Work order:
A single number is the answer: the count of lines in these records with "open" in them.

Material supplied:

lemma mult_square_left: "mult (mult x x) z = 0"
  using leibniz_identity[of x x z] by simp

lemma mult_left_annihilator:
  assumes "\<And>w. mult y w = 0"
  shows "mult (mult x y) z = 0"
  using leibniz_identity[of x y z] assms by simp

text \<open>\<open>lpower x i\<close> is the left-normed power \<open>x\<^sup>i\<^sup>+\<^sup>1\<close> of the paper.\<close>

definition lpower :: "'a \<Rightarrow> nat \<Rightarrow> 'a" where
  "lpower x i = (mult x ^^ i) x"

lemma lpower_0 [simp]: "lpower x 0 = x"
  and lpower_Suc [simp]: "lpower x (Suc i) = mult x (lpower x i)"
  by (simp_all add: lpower_def)

lemma mult_lpower_Suc_left: "mult (lpower x (Suc i)) z = 0"
  by (induction i arbitrary: z) (simp_all add: mult_square_left mult_left_annihilator)

lemma mult_span_lpower:
  assumes y: "y \<in> span (range (lpower x))" and z: "z \<in> span (range (lpower x))"
  shows "mult y z \<in> span (range (lpower x))"
proof -
  let ?S = "span (range (lpower x))"
  have "mult x ` ?S = span (mult x ` range (lpower x))"
    by (rule module_hom.span_image[OF module_hom_mult_right, symmetric])
  also have "\<dots> \<subseteq> ?S"
    by (rule span_mono) (auto simp flip: lpower_Suc)
  finally have "mult x z \<in> ?S"
    using z by blast
  then have "mult (lpower x i) z \<in> ?S" for i
    by (cases i) (simp_all add: span_zero mult_lpower_Suc_left del: lpower_Suc)
  then have "(\<lambda>w. mult w z) ` range (lpower x) \<subseteq> ?S"
    by auto
  then have "span ((\<lambda>w. mult w z) ` range (lpower x)) \<subseteq> ?S"
    by (simp add: span_minimal)
  then show ?thesis
    using y module_hom.span_image[OF module_hom_mult_left, of z "range (lpower x)"] by blast
qed

lemma span_lpower_eq_UNIV:
  assumes "subalg_gen scale mult {x} = UNIV"
  shows "span (range (lpower x)) = UNIV"
proof -
  let ?S = "span (range (lpower x))"
  have "x \<in> ?S"
    using span_base[of x "range (lpower x)"] lpower_0 by (metis rangeI)
  then have "subalg_gen scale mult {x} \<subseteq> ?S"
    unfolding subalg_gen_def
    by (intro Inter_lower) (auto simp: span_zero span_add span_scale mult_span_lpower)
  then show ?thesis
    using assms by blast
qed

end

locale cyclic_leibniz_alg = leibniz_alg scale mult
  for scale :: "complex \<Rightarrow> 'a::ab_group_add \<Rightarrow> 'a" and mult +
  fixes x :: 'a and n :: nat
  assumes generates: "subalg_gen scale mult {x} = UNIV"
    and dim_UNIV: "dim (UNIV :: 'a set) = n"
    and two_le_dim: "2 \<le> n"
begin

sublocale ordered_basis scale "lpower x" n
proof
  have "independent (lpower x ` {..<n}) \<and> span (lpower x ` {..<n}) = UNIV
      \<and> inj_on (lpower x) {..<n}"
    using krylov_basis[OF module_hom_mult_right, where x = x and n = n] span_lpower_eq_UNIV[OF generates]
      dim_UNIV two_le_dim unfolding lpower_def by simp
  then show "independent (lpower x ` {..<n})" "span (lpower x ` {..<n}) = UNIV"
    "inj_on (lpower x) {..<n}"
    by blast+
qed

definition param :: "nat \<Rightarrow> complex" where
  "param = coords (lpower x n)"

text \<open>Only the \<open>x\<close>-component of a left factor matters: all higher powers annihilate on the left.\<close>

lemma mult_eq_scale_mult_gen: "mult y z = scale (coords y 1) (mult x z)"
proof -
  obtain m where m: "n = Suc m"
    using two_le_dim by (cases n) auto
  have "mult y z = (\<Sum>i<n. scale (coords y (Suc i)) (mult (lpower x i) z))"
    by (subst (1) sum_coords[symmetric, of y]) (simp add: mult_sum_left mult_scale_left)
  also have "\<dots> = scale (coords y 1) (mult x z)"
    unfolding m sum.lessThan_Suc_shift by (simp add: mult_lpower_Suc_left del: lpower_Suc)
  finally show ?thesis .
qed

lemma coords_mult_gen: "coords (mult x z) = gen_mult n param (coords z)"
proof -
  have gen: "coords (lpower x (Suc i)) = gen_mult n param (basis_vec (Suc i))" if "i < n" for i
    using that by (cases "Suc i = n")
      (simp_all add: gen_mult_basis_vec coords_basis param_def del: lpower_Suc)
  have "coords (mult x z) = coords (\<Sum>i<n. scale (coords z (Suc i)) (lpower x (Suc i)))"
    by (subst (1) sum_coords[symmetric, of z]) (simp add: mult_sum_right mult_scale_right)
  also have "\<dots> = (\<lambda>k. \<Sum>i<n. coords z (Suc i) * gen_mult n param (basis_vec (Suc i)) k)"
    unfolding coords_sum by (intro ext sum.cong refl) (simp add: gen del: lpower_Suc)
  also have "\<dots> = gen_mult n param (\<lambda>k. \<Sum>i<n. coords z (Suc i) * basis_vec (Suc i) k)"
    by (simp add: coord_linear_sum[OF coord_linear_gen_mult])
  also have "\<dots> = gen_mult n param (coords z)"
    using cvec_eq_sum_basis_vec[of "coords z" n] bij_betw_coords by (simp add: bij_betw_apply)
  finally show ?thesis .
qed

lemma coords_mult: "coords (mult y z) = cyc_mult n param (coords y) (coords z)"
  unfolding mult_eq_scale_mult_gen[of y z] by (simp add: coords_scale coords_mult_gen cyc_mult_eq_gen_mult)

lemma param_in_cvec: "param \<in> cvec n"
  unfolding param_def using bij_betw_coords by (simp add: bij_betw_apply)

lemma param_1_eq_0: "param 1 = 0"
proof -
  have "mult (lpower x n) x = 0"
    using two_le_dim mult_lpower_Suc_left[of x "n - 1"] by simp
  then have "cyc_mult n param param (coords x) = (\<lambda>k. 0)"
    using coords_mult[of "lpower x n" x] by (simp add: param_def coords_zero)
  then have "cyc_mult n param param (coords x) 2 = 0"
    by simp
  then show ?thesis
    using coords_basis[of 0] two_le_dim by (simp add: cyc_mult_def basis_vec_def)
qed

lemma iso_to_model_param: "iso_to_model scale mult n param coords"
  unfolding iso_to_model_def
  by (simp add: bij_betw_coords coords_add coords_scale coords_mult)

lemma iso_to_normal_form:
  "(\<exists>f. iso_to_model scale mult n (c_nil n) f) \<or>
   (\<exists>f. iso_to_model scale mult n (c_id n) f) \<or>
   (\<exists>k \<alpha>. 2 \<le> k \<and> k \<le> n - 1 \<and> (\<exists>f. iso_to_model scale mult n (c_k n k \<alpha>) f))"
  using rescaling_equiv_normal_form[OF param_in_cvec param_1_eq_0]
    iso_to_model_if_rescaling_equiv[OF iso_to_model_param] by blast

end

theorem theorem3p5:
  fixes scale :: "complex \<Rightarrow> 'a::ab_group_add \<Rightarrow> 'a"
    and mult :: "'a \<Rightarrow> 'a \<Rightarrow> 'a"
    and n :: nat
  assumes "n \<ge> 2"
    and "leibniz_algebra scale mult"
    and "vector_space.dim scale (UNIV :: 'a set) = n"
    and "cyclic_alg scale mult"
  shows "((\<exists>f. iso_to_model scale mult n (c_nil n) f) \<or>
          (\<exists>f. iso_to_model scale mult n (c_id n) f) \<or>
          (\<exists>k \<alpha>. 2 \<le> k \<and> k \<le> n - 1 \<and> (\<exists>f. iso_to_model scale mult n (c_k n k \<alpha>) f)))
     \<and> \<not> models_iso n (c_nil n) (c_id n)
     \<and> (\<forall>k \<alpha>. 2 \<le> k \<and> k \<le> n - 1 \<longrightarrow>
          \<not> models_iso n (c_nil n) (c_k n k \<alpha>) \<and> \<not> models_iso n (c_id n) (c_k n k \<alpha>))
     \<and> (\<forall>k \<alpha> k' \<alpha>'. 2 \<le> k \<and> k \<le> n - 1 \<and> 2 \<le> k' \<and> k' \<le> n - 1 \<longrightarrow>
          (models_iso n (c_k n k \<alpha>) (c_k n k' \<alpha>') \<longleftrightarrow>
             k = k' \<and> tuple_sim (n - k) (\<lambda>i. \<alpha> (k + i)) (\<lambda>i. \<alpha>' (k + i))))"
proof -
  obtain x where "subalg_gen scale mult {x} = UNIV"
    using assms(4) unfolding cyclic_alg_def by blast
  then interpret cyclic_leibniz_alg scale mult x n
    using assms by unfold_locales
  show ?thesis
    using iso_to_normal_form not_models_iso_nil_id[OF assms(1)] not_models_iso_nil_k
      not_models_iso_id_k models_iso_c_k_iff by blast
qed

end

Reply to the task:
2